* **Task to carry out**
The reply should give back every entry exactly as written.

[[ Records for this task, beginning ]]

lemma avoids_insert_after:
  assumes "(x, y) \<notin> F" "y \<notin> set zs"
    and "\<And>z b. z \<noteq> y \<Longrightarrow> (z, b) \<in> F' \<longleftrightarrow> (if z = x then (y, b) else (z, b)) \<in> F"
  shows "avoids F (insert_after x y zs) \<longleftrightarrow> avoids F' zs"
  using assms(2)
proof (induction zs)
  case (Cons z zs)
  then show ?case
    using assms(1) assms(3)[of z "hd zs"] by (auto simp: avoids_Cons hd_insert_after)
qed simp

text \<open>F is the set of edges of a family of vertex-disjoint directed paths on S;
  the ranking r rules out cycles.\<close>
definition linear_forest :: "'a set \<Rightarrow> ('a \<times> 'a) set \<Rightarrow> bool" where
  "linear_forest S F \<longleftrightarrow> finite S \<and> F \<subseteq> S \<times> S \<and> inj_on fst F \<and> inj_on snd F \<and>
     (\<exists>r::'a \<Rightarrow> nat. \<forall>(u, v)\<in>F. r u < r v)"

lemma linear_forest_finite: "linear_forest S F \<Longrightarrow> finite F"
  unfolding linear_forest_def by (meson finite_SigmaI finite_subset)

lemma linear_forest_irrefl: "linear_forest S F \<Longrightarrow> (x, y) \<in> F \<Longrightarrow> x \<noteq> y"
  unfolding linear_forest_def by fastforce

lemma linear_forest_fst_eq:
  "linear_forest S F \<Longrightarrow> (x, y) \<in> F \<Longrightarrow> (x, z) \<in> F \<Longrightarrow> z = y"
  unfolding linear_forest_def by (metis fst_conv inj_onD snd_conv)

lemma linear_forest_snd_eq:
  "linear_forest S F \<Longrightarrow> (x, y) \<in> F \<Longrightarrow> (z, y) \<in> F \<Longrightarrow> z = x"
  unfolding linear_forest_def by (metis fst_conv inj_onD snd_conv)

lemma linear_forest_subset: "linear_forest S F \<Longrightarrow> G \<subseteq> F \<Longrightarrow> linear_forest S G"
  unfolding linear_forest_def by (blast intro: inj_on_subset)

lemma linear_forest_Restr: "linear_forest S F \<Longrightarrow> T \<subseteq> S \<Longrightarrow> linear_forest T (Restr F T)"
  unfolding linear_forest_def by (blast intro: inj_on_subset finite_subset)

definition contract :: "'a \<Rightarrow> 'a \<Rightarrow> ('a \<times> 'a) set \<Rightarrow> ('a \<times> 'a) set" where
  "contract x y F = (\<lambda>(u, v). (if u = y then x else u, v)) ` (F - {(x, y)})"

context
  fixes S F x y
  assumes forest: "linear_forest S F" and edge: "(x, y) \<in> F"
begin

lemma mem_contract_iff:
  assumes "z \<noteq> y"
  shows "(z, b) \<in> contract x y F \<longleftrightarrow> (if z = x then (y, b) else (z, b)) \<in> F - {(x, y)}"
proof -
  have "(z, b) \<in> contract x y F \<longleftrightarrow>
      (\<exists>u. (u, b) \<in> F - {(x, y)} \<and> (if u = y then x else u) = z)"
    by (force simp: contract_def)
  also have "\<dots> \<longleftrightarrow> (if z = x then (y, b) else (z, b)) \<in> F - {(x, y)}"
    using assms linear_forest_irrefl[OF forest edge] linear_forest_fst_eq[OF forest edge]
    by (cases "z = x") auto
  finally show ?thesis .
qed

lemma card_contract: "card (contract x y F) = card F - 1"
proof -
  let ?h = "\<lambda>(u, v). (if u = y then x else u, v)"
  have "inj_on (snd \<circ> ?h) (F - {(x, y)})"
    using forest by (auto simp: linear_forest_def comp_def split_beta intro: inj_on_subset)
  then have "inj_on ?h (F - {(x, y)})"
    by (rule inj_on_imageI2)
  then show ?thesis
    using edge linear_forest_finite[OF forest] by (simp add: contract_def card_image)
qed

lemma contractE:
  assumes "p \<in> contract x y F"
  obtains u v where "(u, v) \<in> F" "(u, v) \<noteq> (x, y)" "v \<noteq> y"
    "p = (if u = y then x else u, v)"
proof -
  from assms obtain u v where uv: "(u, v) \<in> F - {(x, y)}" "p = (if u = y then x else u, v)"
    by (auto simp: contract_def)
  moreover from uv(1) have "v \<noteq> y"
    using linear_forest_snd_eq[OF forest edge] by auto
  ultimately show thesis
    using that by blast
qed

lemma inj_on_fst_contract: "inj_on fst (contract x y F)"
proof (rule inj_onI)
  fix p q assume "p \<in> contract x y F" "q \<in> contract x y F" and eq: "fst p = fst q"
  then obtain u v u' v' where uv: "(u, v) \<in> F" "(u, v) \<noteq> (x, y)"
    "p = (if u = y then x else u, v)"
    and uv': "(u', v') \<in> F" "(u', v') \<noteq> (x, y)" "q = (if u' = y then x else u', v')"
    by (metis contractE)
  have "u = u'"
    using eq uv uv' linear_forest_fst_eq[OF forest edge] by (auto split: if_splits)
  moreover from this have "v = v'"
    using uv(1) uv'(1) linear_forest_fst_eq[OF forest] by blast
  ultimately show "p = q"
    using uv(3) uv'(3) by simp
qed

[[ Records for this task, end ]]

* **Your response**
lemma avoids_insert_after:
  assumes "(x, y) \<notin> F" "y \<notin> set zs"
    and "\<And>z b. z \<noteq> y \<Longrightarrow> (z, b) \<in> F' \<longleftrightarrow> (if z = x then (y, b) else (z, b)) \<in> F"
  shows "avoids F (insert_after x y zs) \<longleftrightarrow> avoids F' zs"
  using assms(2)
proof (induction zs)
  case (Cons z zs)
  then show ?case
    using assms(1) assms(3)[of z "hd zs"] by (auto simp: avoids_Cons hd_insert_after)
qed simp

text \<open>F is the set of edges of a family of vertex-disjoint directed paths on S;
  the ranking r rules out cycles.\<close>
definition linear_forest :: "'a set \<Rightarrow> ('a \<times> 'a) set \<Rightarrow> bool" where
  "linear_forest S F \<longleftrightarrow> finite S \<and> F \<subseteq> S \<times> S \<and> inj_on fst F \<and> inj_on snd F \<and>
     (\<exists>r::'a \<Rightarrow> nat. \<forall>(u, v)\<in>F. r u < r v)"

lemma linear_forest_finite: "linear_forest S F \<Longrightarrow> finite F"
  unfolding linear_forest_def by (meson finite_SigmaI finite_subset)

lemma linear_forest_irrefl: "linear_forest S F \<Longrightarrow> (x, y) \<in> F \<Longrightarrow> x \<noteq> y"
  unfolding linear_forest_def by fastforce

lemma linear_forest_fst_eq:
  "linear_forest S F \<Longrightarrow> (x, y) \<in> F \<Longrightarrow> (x, z) \<in> F \<Longrightarrow> z = y"
  unfolding linear_forest_def by (metis fst_conv inj_onD snd_conv)

lemma linear_forest_snd_eq:
  "linear_forest S F \<Longrightarrow> (x, y) \<in> F \<Longrightarrow> (z, y) \<in> F \<Longrightarrow> z = x"
  unfolding linear_forest_def by (metis fst_conv inj_onD snd_conv)

lemma linear_forest_subset: "linear_forest S F \<Longrightarrow> G \<subseteq> F \<Longrightarrow> linear_forest S G"
  unfolding linear_forest_def by (blast intro: inj_on_subset)

lemma linear_forest_Restr: "linear_forest S F \<Longrightarrow> T \<subseteq> S \<Longrightarrow> linear_forest T (Restr F T)"
  unfolding linear_forest_def by (blast intro: inj_on_subset finite_subset)

definition contract :: "'a \<Rightarrow> 'a \<Rightarrow> ('a \<times> 'a) set \<Rightarrow> ('a \<times> 'a) set" where
  "contract x y F = (\<lambda>(u, v). (if u = y then x else u, v)) ` (F - {(x, y)})"

context
  fixes S F x y
  assumes forest: "linear_forest S F" and edge: "(x, y) \<in> F"
begin

lemma mem_contract_iff:
  assumes "z \<noteq> y"
  shows "(z, b) \<in> contract x y F \<longleftrightarrow> (if z = x then (y, b) else (z, b)) \<in> F - {(x, y)}"
proof -
  have "(z, b) \<in> contract x y F \<longleftrightarrow>
      (\<exists>u. (u, b) \<in> F - {(x, y)} \<and> (if u = y then x else u) = z)"
    by (force simp: contract_def)
  also have "\<dots> \<longleftrightarrow> (if z = x then (y, b) else (z, b)) \<in> F - {(x, y)}"
    using assms linear_forest_irrefl[OF forest edge] linear_forest_fst_eq[OF forest edge]
    by (cases "z = x") auto
  finally show ?thesis .
qed

lemma card_contract: "card (contract x y F) = card F - 1"
proof -
  let ?h = "\<lambda>(u, v). (if u = y then x else u, v)"
  have "inj_on (snd \<circ> ?h) (F - {(x, y)})"
    using forest by (auto simp: linear_forest_def comp_def split_beta intro: inj_on_subset)
  then have "inj_on ?h (F - {(x, y)})"
    by (rule inj_on_imageI2)
  then show ?thesis
    using edge linear_forest_finite[OF forest] by (simp add: contract_def card_image)
qed

lemma contractE:
  assumes "p \<in> contract x y F"
  obtains u v where "(u, v) \<in> F" "(u, v) \<noteq> (x, y)" "v \<noteq> y"
    "p = (if u = y then x else u, v)"
proof -
  from assms obtain u v where uv: "(u, v) \<in> F - {(x, y)}" "p = (if u = y then x else u, v)"
    by (auto simp: contract_def)
  moreover from uv(1) have "v \<noteq> y"
    using linear_forest_snd_eq[OF forest edge] by auto
  ultimately show thesis
    using that by blast
qed

lemma inj_on_fst_contract: "inj_on fst (contract x y F)"
proof (rule inj_onI)
  fix p q assume "p \<in> contract x y F" "q \<in> contract x y F" and eq: "fst p = fst q"
  then obtain u v u' v' where uv: "(u, v) \<in> F" "(u, v) \<noteq> (x, y)"
    "p = (if u = y then x else u, v)"
    and uv': "(u', v') \<in> F" "(u', v') \<noteq> (x, y)" "q = (if u' = y then x else u', v')"
    by (metis contractE)
  have "u = u'"
    using eq uv uv' linear_forest_fst_eq[OF forest edge] by (auto split: if_splits)
  moreover from this have "v = v'"
    using uv(1) uv'(1) linear_forest_fst_eq[OF forest] by blast
  ultimately show "p = q"
    using uv(3) uv'(3) by simp
qed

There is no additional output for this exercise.